◆ **Action item**:
Below is a listing. Set down exactly the lines from the one containing "nat \<Rightarrow> real" through the one containing "Now let F and", both ends included, and leave out the rest.

(Beginning of Recorded information)

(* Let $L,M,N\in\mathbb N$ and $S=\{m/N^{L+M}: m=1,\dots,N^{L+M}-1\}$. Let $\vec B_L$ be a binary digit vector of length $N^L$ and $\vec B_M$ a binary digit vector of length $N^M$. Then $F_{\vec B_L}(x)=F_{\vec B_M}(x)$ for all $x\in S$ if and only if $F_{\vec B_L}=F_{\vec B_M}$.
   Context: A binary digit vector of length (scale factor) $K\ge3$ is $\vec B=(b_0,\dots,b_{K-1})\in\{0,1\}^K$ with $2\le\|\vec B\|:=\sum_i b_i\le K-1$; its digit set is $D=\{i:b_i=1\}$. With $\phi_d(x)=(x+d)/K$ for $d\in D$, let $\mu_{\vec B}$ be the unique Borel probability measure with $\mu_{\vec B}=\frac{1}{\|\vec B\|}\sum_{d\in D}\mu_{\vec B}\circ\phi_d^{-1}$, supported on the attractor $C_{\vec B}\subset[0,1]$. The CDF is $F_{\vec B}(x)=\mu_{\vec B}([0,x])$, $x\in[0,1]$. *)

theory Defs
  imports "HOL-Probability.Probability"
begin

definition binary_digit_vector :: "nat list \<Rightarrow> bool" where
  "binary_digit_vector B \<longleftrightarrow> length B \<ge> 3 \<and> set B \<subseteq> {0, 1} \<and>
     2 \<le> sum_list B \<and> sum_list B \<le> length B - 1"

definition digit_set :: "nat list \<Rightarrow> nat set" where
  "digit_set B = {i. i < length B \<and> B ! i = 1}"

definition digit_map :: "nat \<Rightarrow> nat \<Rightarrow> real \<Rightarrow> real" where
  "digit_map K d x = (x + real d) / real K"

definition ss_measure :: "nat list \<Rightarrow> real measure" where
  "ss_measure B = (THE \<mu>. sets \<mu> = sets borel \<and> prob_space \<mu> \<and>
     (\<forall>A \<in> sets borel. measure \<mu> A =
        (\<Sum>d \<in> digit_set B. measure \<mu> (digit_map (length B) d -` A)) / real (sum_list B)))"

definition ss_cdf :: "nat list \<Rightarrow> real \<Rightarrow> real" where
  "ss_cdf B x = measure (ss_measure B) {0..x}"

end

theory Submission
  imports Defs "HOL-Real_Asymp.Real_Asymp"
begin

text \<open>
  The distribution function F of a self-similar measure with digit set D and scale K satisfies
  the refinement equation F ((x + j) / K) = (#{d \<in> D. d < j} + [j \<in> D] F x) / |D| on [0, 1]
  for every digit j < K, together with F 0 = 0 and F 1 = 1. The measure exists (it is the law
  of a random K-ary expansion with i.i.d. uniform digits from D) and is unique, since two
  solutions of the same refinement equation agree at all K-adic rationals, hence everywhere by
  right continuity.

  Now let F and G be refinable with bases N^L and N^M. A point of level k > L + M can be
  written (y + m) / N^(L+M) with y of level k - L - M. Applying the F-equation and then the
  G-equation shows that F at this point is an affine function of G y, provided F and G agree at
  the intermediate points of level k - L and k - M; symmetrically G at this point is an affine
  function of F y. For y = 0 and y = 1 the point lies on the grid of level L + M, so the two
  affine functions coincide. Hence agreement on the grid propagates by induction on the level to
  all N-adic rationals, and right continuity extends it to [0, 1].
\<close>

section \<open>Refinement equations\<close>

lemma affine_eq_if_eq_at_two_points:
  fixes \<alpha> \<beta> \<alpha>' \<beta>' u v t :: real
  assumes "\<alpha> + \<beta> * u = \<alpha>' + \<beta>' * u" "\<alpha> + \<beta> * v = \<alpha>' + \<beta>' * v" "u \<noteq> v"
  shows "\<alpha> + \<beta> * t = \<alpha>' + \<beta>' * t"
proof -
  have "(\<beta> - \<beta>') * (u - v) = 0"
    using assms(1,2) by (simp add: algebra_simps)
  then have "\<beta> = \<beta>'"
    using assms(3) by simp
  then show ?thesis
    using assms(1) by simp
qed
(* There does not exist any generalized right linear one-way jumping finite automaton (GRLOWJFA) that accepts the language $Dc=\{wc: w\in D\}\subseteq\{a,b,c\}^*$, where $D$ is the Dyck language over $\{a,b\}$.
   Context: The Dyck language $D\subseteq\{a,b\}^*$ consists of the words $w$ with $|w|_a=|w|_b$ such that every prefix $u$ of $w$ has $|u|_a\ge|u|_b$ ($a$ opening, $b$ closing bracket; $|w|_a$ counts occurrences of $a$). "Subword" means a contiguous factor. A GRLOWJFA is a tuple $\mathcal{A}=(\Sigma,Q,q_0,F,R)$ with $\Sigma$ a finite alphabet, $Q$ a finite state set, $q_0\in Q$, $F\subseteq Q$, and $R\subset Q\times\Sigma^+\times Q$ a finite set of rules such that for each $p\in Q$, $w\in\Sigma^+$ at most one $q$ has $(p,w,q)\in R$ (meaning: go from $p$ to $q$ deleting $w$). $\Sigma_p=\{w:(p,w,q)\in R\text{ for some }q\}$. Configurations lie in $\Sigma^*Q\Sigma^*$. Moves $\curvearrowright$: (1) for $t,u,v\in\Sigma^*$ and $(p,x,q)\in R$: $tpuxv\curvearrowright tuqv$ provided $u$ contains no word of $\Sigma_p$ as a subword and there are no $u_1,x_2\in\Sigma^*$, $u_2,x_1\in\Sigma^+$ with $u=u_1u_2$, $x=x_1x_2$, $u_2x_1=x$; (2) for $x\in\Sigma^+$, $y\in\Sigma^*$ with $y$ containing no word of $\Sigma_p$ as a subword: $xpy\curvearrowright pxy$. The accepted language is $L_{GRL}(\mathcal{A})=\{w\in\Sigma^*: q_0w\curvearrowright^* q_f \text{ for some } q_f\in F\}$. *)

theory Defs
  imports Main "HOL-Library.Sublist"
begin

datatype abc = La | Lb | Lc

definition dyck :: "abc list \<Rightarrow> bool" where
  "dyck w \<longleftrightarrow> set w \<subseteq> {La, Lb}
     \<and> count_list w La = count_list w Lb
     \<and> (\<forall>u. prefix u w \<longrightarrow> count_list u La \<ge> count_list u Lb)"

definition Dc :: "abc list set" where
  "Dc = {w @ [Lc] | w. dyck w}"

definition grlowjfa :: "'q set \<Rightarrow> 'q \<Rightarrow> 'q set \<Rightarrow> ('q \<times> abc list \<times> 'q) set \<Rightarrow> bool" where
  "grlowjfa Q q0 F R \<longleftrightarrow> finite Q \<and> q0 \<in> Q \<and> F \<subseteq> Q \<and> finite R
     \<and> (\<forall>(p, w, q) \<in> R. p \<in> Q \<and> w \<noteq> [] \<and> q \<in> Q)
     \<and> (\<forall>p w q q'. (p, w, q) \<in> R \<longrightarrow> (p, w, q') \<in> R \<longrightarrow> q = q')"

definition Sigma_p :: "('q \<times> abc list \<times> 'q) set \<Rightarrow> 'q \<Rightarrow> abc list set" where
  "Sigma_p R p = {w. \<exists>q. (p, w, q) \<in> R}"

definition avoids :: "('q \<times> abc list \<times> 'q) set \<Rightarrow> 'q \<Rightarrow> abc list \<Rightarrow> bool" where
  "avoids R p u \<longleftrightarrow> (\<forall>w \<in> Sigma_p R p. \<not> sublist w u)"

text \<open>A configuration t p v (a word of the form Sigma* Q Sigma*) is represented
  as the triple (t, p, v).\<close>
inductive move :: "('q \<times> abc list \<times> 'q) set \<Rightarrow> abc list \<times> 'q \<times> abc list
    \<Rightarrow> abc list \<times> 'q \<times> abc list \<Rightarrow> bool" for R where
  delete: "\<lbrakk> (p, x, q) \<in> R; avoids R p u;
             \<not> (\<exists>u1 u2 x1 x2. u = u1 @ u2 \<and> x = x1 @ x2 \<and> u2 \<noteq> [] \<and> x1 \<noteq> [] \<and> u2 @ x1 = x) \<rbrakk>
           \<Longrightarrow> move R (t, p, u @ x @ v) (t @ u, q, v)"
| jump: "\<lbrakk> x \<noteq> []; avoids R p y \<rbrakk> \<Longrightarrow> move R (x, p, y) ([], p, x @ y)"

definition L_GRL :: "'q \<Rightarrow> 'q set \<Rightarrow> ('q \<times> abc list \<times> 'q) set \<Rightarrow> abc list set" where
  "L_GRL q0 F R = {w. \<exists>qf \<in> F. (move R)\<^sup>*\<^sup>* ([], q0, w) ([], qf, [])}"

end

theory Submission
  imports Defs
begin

(End of Recorded information)

◆ **Answer box**:
definition digit_map :: "nat \<Rightarrow> nat \<Rightarrow> real \<Rightarrow> real" where
  "digit_map K d x = (x + real d) / real K"

definition ss_measure :: "nat list \<Rightarrow> real measure" where
  "ss_measure B = (THE \<mu>. sets \<mu> = sets borel \<and> prob_space \<mu> \<and>
     (\<forall>A \<in> sets borel. measure \<mu> A =
        (\<Sum>d \<in> digit_set B. measure \<mu> (digit_map (length B) d -` A)) / real (sum_list B)))"

definition ss_cdf :: "nat list \<Rightarrow> real \<Rightarrow> real" where
  "ss_cdf B x = measure (ss_measure B) {0..x}"

end

theory Submission
  imports Defs "HOL-Real_Asymp.Real_Asymp"
begin

text \<open>
  The distribution function F of a self-similar measure with digit set D and scale K satisfies
  the refinement equation F ((x + j) / K) = (#{d \<in> D. d < j} + [j \<in> D] F x) / |D| on [0, 1]
  for every digit j < K, together with F 0 = 0 and F 1 = 1. The measure exists (it is the law
  of a random K-ary expansion with i.i.d. uniform digits from D) and is unique, since two
  solutions of the same refinement equation agree at all K-adic rationals, hence everywhere by
  right continuity.

  Now let F and G be refinable with bases N^L and N^M. A point of level k > L + M can be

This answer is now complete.